● EXERCISE DIRECTIONS
Exactly the lines from the one containing "from mult_left_mono[OF this" through the final line of the listing are to be retyped, and nothing more.
[[ RECORDED INFORMATION open ]]
lemma admissible_test_fn:
  fixes P :: "real \<Rightarrow> nat list \<times> nat list"
  assumes "\<alpha> > 0" "\<epsilon> > 0" "\<delta> > 0" and P: "P \<in> borel \<rightarrow>\<^sub>M count_space UNIV"
    and excl: "\<And>x. x \<in> {0..<1} \<Longrightarrow> P x \<in> words b q \<times> words b q - Eed b \<gamma> \<psi> q x \<epsilon> \<delta>"
  shows "admissible b \<gamma> \<psi> q (\<lambda>x. test_fn \<alpha> (fst (P x)) (snd (P x)))"
proof -
  define V where "V = (\<lambda>x. test_fn \<alpha> (fst (P x)) (snd (P x)))"
  have "(\<lambda>x. V x u v) \<in> borel_measurable unitI" for u v
  proof -
    have "(\<lambda>x. (\<lambda>p. test_fn \<alpha> (fst p) (snd p) u v) (P x)) \<in> borel \<rightarrow>\<^sub>M borel"
      by (rule measurable_compose[OF P]) simp
    then show ?thesis unfolding V_def by (intro measurable_restrict_space1) simp
  qed
  moreover have "V x u v \<ge> 0" for x u v unfolding V_def by (rule test_fn_nonneg[OF \<open>\<alpha> > 0\<close>])
  moreover have "1 \<le> V x u v * V x v u" if x: "x \<in> {0..<1}" and uv: "(u, v) \<in> Eed b \<gamma> \<psi> q x \<epsilon> \<delta>" for x u v
  proof -
    have "(u, v) \<noteq> P x" "(v, u) \<noteq> P x" using excl[OF x] uv Eed_swap[of u v] by auto
    then show ?thesis unfolding V_def by (cases "P x") (auto intro: test_fn_mult_ge_1[OF \<open>\<alpha> > 0\<close>])
  qed
  ultimately have "admissible b \<gamma> \<psi> q V"
    unfolding admissible_def using \<open>\<epsilon> > 0\<close> \<open>\<delta> > 0\<close> by blast
  then show ?thesis by (simp only: V_def)
qed

lemma sigma_le_of_row_sums:
  assumes adm: "admissible b \<gamma> \<psi> q V"
    and rows: "\<And>x u. x \<in> {0..<1} \<Longrightarrow> u \<in> words b q \<Longrightarrow> (\<Sum>v\<in>words b q. V x u v) \<le> T"
  shows "sigma b \<gamma> \<psi> q \<le> ereal T"
proof -
  have fin: "finite (words b q)" by (rule finite_words)
  have Sigma_eq: "SigmaVw b q V (\<lambda>_. 1) x = (SUP u\<in>words b q. ereal (\<Sum>v\<in>words b q. V x u v))" for x
    by (simp add: SigmaVw_def)
  have "(\<lambda>x. V x u v) \<in> borel_measurable unitI" if "u \<in> words b q" "v \<in> words b q" for u v
    using adm that by (simp add: admissible_def)
  then have "SigmaVw b q V (\<lambda>_. 1) \<in> borel_measurable unitI"
    unfolding Sigma_eq using fin
    by (intro borel_measurable_SUP borel_measurable_ereal borel_measurable_sum) (auto intro: countable_finite)
  moreover have "AE x in unitI. SigmaVw b q V (\<lambda>_. 1) x \<le> ereal T"
    by (rule AE_I2) (auto simp: Sigma_eq space_restrict_space intro!: SUP_least rows)
  ultimately have "esssup unitI (SigmaVw b q V (\<lambda>_. 1)) \<le> ereal T" by (rule esssup_I)
  moreover have "weight (\<lambda>_. 1)" by (auto simp: weight_def)
  ultimately show ?thesis
    unfolding sigma_def using adm by (intro INF_lower2[of "(\<lambda>_. 1, V)"]) auto
qed
lemma higher_deriv_gfp_Suc:
  assumes "\<And>x. x \<in> g_dom \<Longrightarrow> c * gfp t d x = a + x * (\<alpha> * gfp t1 d1 x + \<beta> * gfp t2 d2 x)"
  shows "c * (deriv ^^ Suc k) (gfp t d) 0 =
    of_nat (Suc k) * (\<alpha> * (deriv ^^ k) (gfp t1 d1) 0 + \<beta> * (deriv ^^ k) (gfp t2 d2) 0)"
proof -
  note hol = gfp_holomorphic zero_in_g_dom open_g_dom
  have "c * (deriv ^^ Suc k) (gfp t d) 0 = (deriv ^^ Suc k) (\<lambda>x. c * gfp t d x) 0"
    using higher_deriv_cmult[OF hol] by (simp del: funpow.simps)
  also have "\<dots> = of_nat (Suc k) * (deriv ^^ k) (\<lambda>x. \<alpha> * gfp t1 d1 x + \<beta> * gfp t2 d2 x) 0"
    by (rule higher_deriv_Suc_at_0[OF _ _ open_g_dom zero_in_g_dom assms])
       (auto intro!: holomorphic_intros gfp_holomorphic)
  also have "(deriv ^^ k) (\<lambda>x. \<alpha> * gfp t1 d1 x + \<beta> * gfp t2 d2 x) 0 =
      (deriv ^^ k) (\<lambda>x. \<alpha> * gfp t1 d1 x) 0 + (deriv ^^ k) (\<lambda>x. \<beta> * gfp t2 d2 x) 0"
    by (rule higher_deriv_add) (auto intro!: holomorphic_intros gfp_holomorphic open_g_dom zero_in_g_dom)
  finally show ?thesis
    using higher_deriv_cmult[OF hol] by (simp del: funpow.simps)
qed

text \<open>\<open>coeff t k d\<close> is the right-hand side of the theorem for type \<open>t\<close>, with \<^const>\<open>gen\<close> in
  place of \<^const>\<open>gfun\<close>.\<close>

definition coeff :: "nat \<Rightarrow> nat \<Rightarrow> nat \<Rightarrow> complex" where
  "coeff t k d = (sqrt2/3) ^ k * (1/sqrt2) ^ d / fact k * (deriv ^^ k) (gfp t d) 0"

lemma coeff_Suc_eq:
  assumes "c * (deriv ^^ Suc k) (gfp t d) 0 = of_nat (Suc k) * Y" and "c \<noteq> 0"
  shows "coeff t (Suc k) d = sqrt2/3 / c * ((sqrt2/3) ^ k * (1/sqrt2) ^ d / fact k) * Y"
proof -
  have "(deriv ^^ Suc k) (gfp t d) 0 = of_nat (Suc k) * Y / c"
    using assms by (simp add: field_simps del: funpow.simps)
  then show ?thesis
    unfolding coeff_def by (simp add: field_simps del: of_nat_Suc funpow.simps)
qed
definition Fa :: "real \<Rightarrow> real" where "Fa p = measure lebesgue (Fa_set p)"
definition Fm :: "real \<Rightarrow> real" where "Fm p = measure lebesgue (Fm_set p)"
definition Fo :: "real \<Rightarrow> real" where "Fo p = measure lebesgue (Fo_set p)"

definition rounds_to :: "real \<Rightarrow> int \<Rightarrow> bool" where
  "rounds_to x k \<longleftrightarrow> round (100 * x) = k"

end

theory Submission
  imports Defs
begin

(*
  Each volume is the integral over the square (0,p)^2 of (p10, p01) of the length of the
  section in the p11 direction, which is an interval. On the additive and multiplicative
  scales the integrands are piecewise polynomial. On the odds-ratio scale the section is the
  interval above (1-p) p10 p01 / ((1-p) p10 p01 + p (1-p10) (1-p01)), and integrating twice
  gives, with Li_2 the dilogarithm,

    F_o(p) = p^3 - (1-p) p (3p + 2 ln(1-p) + (2p-1) (Li_2(p) + ln(1-p)^2 / 2)).

  The table follows by enclosing ln(1-p) and Li_2(p) between a partial sum of their power
  series and that partial sum plus a geometric bound on the tail.
*)

definition dilog :: "real \<Rightarrow> real" where
  "dilog x = (\<Sum>n. x ^ Suc n / (real (Suc n))\<^sup>2)"

(* -ln (1 - x) / x, extended continuously by 1 at 0 *)
definition dilog_deriv :: "real \<Rightarrow> real" where
  "dilog_deriv x = (\<Sum>n. x ^ n / real (Suc n))"
lemma sum_norm_diff_sq_eq:
  fixes z :: "nat \<Rightarrow> 'a::real_inner"
  assumes unit: "\<And>k. k < N \<Longrightarrow> norm (z k) = 1" and sum: "(\<Sum>k<N. z k) = real N *\<^sub>R c"
  shows "(\<Sum>k<N. (norm (z k - c))\<^sup>2) = real N * (1 - (norm c)\<^sup>2)"
proof -
  have "(\<Sum>k<N. (norm (z k - c))\<^sup>2) = (\<Sum>k<N. 1 - 2 * (z k \<bullet> c) + (norm c)\<^sup>2)"
    using unit by (intro sum.cong)
      (auto simp: power2_norm_eq_inner inner_diff_left inner_diff_right inner_commute norm_eq_1)
  also have "\<dots> = real N - 2 * ((\<Sum>k<N. z k) \<bullet> c) + real N * (norm c)\<^sup>2"
    by (simp add: sum.distrib sum_subtractf inner_sum_left sum_distrib_left)
  also have "\<dots> = real N * (1 - (norm c)\<^sup>2)"
    unfolding sum by (simp add: power2_norm_eq_inner algebra_simps)
  finally show ?thesis .
qed

lemma sum_sq_deficit_ge:
  fixes a :: "nat \<Rightarrow> real"
  assumes bound: "\<And>j. j < N \<Longrightarrow> \<bar>a j\<bar> \<le> \<rho>" and sum: "(\<Sum>j<N. a j) = N * \<rho>\<^sup>2"
  shows "N * \<rho>\<^sup>2 * (N * \<rho> - N + 2) * (1 - \<rho>) \<le> (\<Sum>j<N. \<rho>\<^sup>2 - (a j)\<^sup>2)"
proof -
  define \<delta> where "\<delta> = \<rho> * (N * \<rho> - N + 2)"
  have "\<rho>\<^sup>2 - (a j)\<^sup>2 \<ge> (\<rho> - a j) * \<delta>" if j: "j < N" for j
  proof -
    have "(\<Sum>k\<in>{..<N}-{j}. a k) \<le> (\<Sum>k\<in>{..<N}-{j}. \<rho>)"
      by (rule sum_mono) (use bound in force)
    also have "\<dots> = (real N - 1) * \<rho>"
      using j by (simp add: card_Diff_singleton of_nat_diff)
    finally have "(\<Sum>k\<in>{..<N}-{j}. a k) \<le> (real N - 1) * \<rho>" .
    moreover have "(\<Sum>k<N. a k) = a j + (\<Sum>k\<in>{..<N}-{j}. a k)"
      using j by (simp add: sum.remove)
    ultimately have "a j \<ge> N * \<rho>\<^sup>2 - (real N - 1) * \<rho>"
      using sum by simp
    then have "\<rho> + a j \<ge> \<delta>"
      unfolding \<delta>_def by (simp add: algebra_simps power2_eq_square)
    moreover have "\<rho> - a j \<ge> 0" using bound[OF j] by simp
    ultimately have "(\<rho> - a j) * (\<rho> + a j) \<ge> (\<rho> - a j) * \<delta>"
      by (simp add: mult_left_mono)
    then show ?thesis by (simp add: power2_eq_square algebra_simps)
  qed
  then have "(\<Sum>j<N. (\<rho> - a j) * \<delta>) \<le> (\<Sum>j<N. \<rho>\<^sup>2 - (a j)\<^sup>2)"
    by (intro sum_mono) auto
  moreover have "(\<Sum>j<N. (\<rho> - a j) * \<delta>) = N * \<rho>\<^sup>2 * (N * \<rho> - N + 2) * (1 - \<rho>)"
    unfolding sum_distrib_right[symmetric] sum_subtractf sum \<delta>_def
    by (simp add: power2_eq_square algebra_simps)
  ultimately show ?thesis by simp
qed

lemma Re_hinner_lohe_rhs_self:
  assumes "skew_hermitian \<Omega>"
  shows "Re (hinner (Z j) (lohe_rhs \<Omega> \<kappa>0 \<kappa>1 N Z j)) = 0"
proof -
  define g where "g = hinner (Z j) (centroid N Z)"
  have "hinner (centroid N Z) (Z j) = cnj g" unfolding g_def by (simp add: cnj_hinner)
  then have "Re (hinner (Z j) (lohe_rhs \<Omega> \<kappa>0 \<kappa>1 N Z j)) =
      Re (hinner (Z j) (\<Omega> *v Z j))
      + Re (of_real \<kappa>0 * (of_real ((norm (Z j))\<^sup>2) * g - cnj g * of_real ((norm (Z j))\<^sup>2)))
      + Re (of_real \<kappa>1 * (g - cnj g) * of_real ((norm (Z j))\<^sup>2))"
    unfolding lohe_rhs_def Let_def
    by (simp only: hinner_add_right hinner_diff_right hinner_smult_right g_def[symmetric]
        hinner_self plus_complex.sel)
  also have "\<dots> = 0" using Re_hinner_skew_hermitian[OF assms] by simp
  finally show ?thesis .
qed

lemma Re_hinner_centroid_lohe_rhs:
  fixes N :: nat and Z :: "nat \<Rightarrow> complex^'d"
  assumes "norm (Z j) = 1"
  defines "c \<equiv> centroid N Z" and "h \<equiv> hinner (centroid N Z) (Z j)"
  shows "Re (hinner c (lohe_rhs \<Omega> \<kappa>0 \<kappa>1 N Z j)) = Re (hinner c (\<Omega> *v Z j))
    + \<kappa>0 * ((norm c)\<^sup>2 - (Re h)\<^sup>2 + (Im h)\<^sup>2) + 2 * \<kappa>1 * (Im h)\<^sup>2"
proof -
  have h: "hinner c (Z j) = h" unfolding h_def c_def ..
  have "hinner (Z j) c = cnj h" unfolding h_def c_def by (simp add: cnj_hinner)
  with h have "Re (hinner c (lohe_rhs \<Omega> \<kappa>0 \<kappa>1 N Z j)) = Re (hinner c (\<Omega> *v Z j))
      + Re (of_real \<kappa>0 * (1 * of_real ((norm c)\<^sup>2) - h * h)) + Re (of_real \<kappa>1 * (cnj h - h) * h)"
    unfolding lohe_rhs_def Let_def c_def[symmetric]
    by (simp only: hinner_add_right hinner_diff_right hinner_smult_right hinner_self assms(1)
        plus_complex.sel) simp
  also have "\<dots> = Re (hinner c (\<Omega> *v Z j))
      + \<kappa>0 * ((norm c)\<^sup>2 - (Re h)\<^sup>2 + (Im h)\<^sup>2) + 2 * \<kappa>1 * (Im h)\<^sup>2"
    by (simp add: power2_eq_square algebra_simps)
  finally show ?thesis .
qed

lemma sum_Re_hinner_centroid_skew_hermitian:
  assumes "skew_hermitian \<Omega>"
  shows "(\<Sum>j<N. Re (hinner (centroid N Z) (\<Omega> *v Z j))) = 0"
proof -
  have "(\<Sum>j<N. hinner (centroid N Z) (\<Omega> *v Z j))
      = of_real (real N) * hinner (centroid N Z) (\<Omega> *v centroid N Z)"
    unfolding hinner_sum_right[symmetric] vec.sum[symmetric] sum_eq_scaleR_centroid
    by (simp only: complex_matrix_vector_mult_scaleR hinner_scaleR_right)
  then have "(\<Sum>j<N. Re (hinner (centroid N Z) (\<Omega> *v Z j)))
      = real N * Re (hinner (centroid N Z) (\<Omega> *v centroid N Z))"
    unfolding Re_sum[symmetric] by simp
  then show ?thesis using Re_hinner_skew_hermitian[OF assms] by simp
qed

lemma sum_Re_hinner_centroid_lohe_rhs_ge:
  fixes N :: nat and Z :: "nat \<Rightarrow> complex^'d"
  assumes "skew_hermitian \<Omega>" and unit: "\<And>j. j < N \<Longrightarrow> norm (Z j) = 1"
    and "0 \<le> \<kappa>0" "0 \<le> \<kappa>1"
  defines "c \<equiv> centroid N Z"
  shows "\<kappa>0 * (\<Sum>j<N. (norm c)\<^sup>2 - (c \<bullet> Z j)\<^sup>2)
    \<le> (\<Sum>j<N. Re (hinner c (lohe_rhs \<Omega> \<kappa>0 \<kappa>1 N Z j)))"
proof -
  have "(\<Sum>j<N. Re (hinner c (lohe_rhs \<Omega> \<kappa>0 \<kappa>1 N Z j))) = (\<Sum>j<N. \<kappa>0 * ((norm c)\<^sup>2
      - (c \<bullet> Z j)\<^sup>2 + (Im (hinner c (Z j)))\<^sup>2) + 2 * \<kappa>1 * (Im (hinner c (Z j)))\<^sup>2)"
    using sum_Re_hinner_centroid_skew_hermitian[OF assms(1), of N Z]
    by (simp add: Re_hinner_centroid_lohe_rhs unit sum.distrib c_def Re_hinner[symmetric])
  also have "\<dots> \<ge> (\<Sum>j<N. \<kappa>0 * ((norm c)\<^sup>2 - (c \<bullet> Z j)\<^sup>2))"
    by (rule sum_mono) (use assms(3,4) in \<open>simp add: algebra_simps\<close>)
  finally show ?thesis by (simp add: sum_distrib_left)
qed

lemma logistic_rate_mono:
  fixes \<kappa> \<rho>0 \<rho> n :: real
  assumes "0 \<le> \<kappa>" "0 \<le> n" "0 \<le> \<rho>0" "\<rho>0 \<le> \<rho>" "\<rho> \<le> 1" "0 \<le> n * \<rho>0 - n + 2"
  shows "\<kappa> * \<rho>0\<^sup>2 * (n * \<rho>0 - n + 2) * (1 - \<rho>\<^sup>2) \<le> 2 * \<kappa> * \<rho>\<^sup>2 * (n * \<rho> - n + 2) * (1 - \<rho>)"
proof -
  have \<delta>: "n * \<rho>0 - n + 2 \<le> n * \<rho> - n + 2"
    using assms by (simp add: mult_left_mono)
  then have "\<rho>0\<^sup>2 * (n * \<rho>0 - n + 2) \<le> \<rho>\<^sup>2 * (n * \<rho> - n + 2)"
    using assms by (intro mult_mono power_mono) auto
  moreover have "1 - \<rho>\<^sup>2 \<le> 2 * (1 - \<rho>)"
    using zero_le_power2[of "1 - \<rho>"] by (simp add: power2_eq_square algebra_simps)
  moreover have "0 \<le> \<rho>\<^sup>2 * (n * \<rho> - n + 2)"
    using \<delta> assms by simp
  moreover have "0 \<le> 1 - \<rho>\<^sup>2"
    using assms by (simp add: power_le_one)
  ultimately have "\<rho>0\<^sup>2 * (n * \<rho>0 - n + 2) * (1 - \<rho>\<^sup>2) \<le> \<rho>\<^sup>2 * (n * \<rho> - n + 2) * (2 * (1 - \<rho>))"
    by (rule mult_mono)
  from mult_left_mono[OF this \<open>0 \<le> \<kappa>\<close>] show ?thesis
    by (simp only: mult_ac)
qed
[[ RECORDED INFORMATION closed ]]
● WRITTEN SOLUTION
  from mult_left_mono[OF this \<open>0 \<le> \<kappa>\<close>] show ?thesis
    by (simp only: mult_ac)
qed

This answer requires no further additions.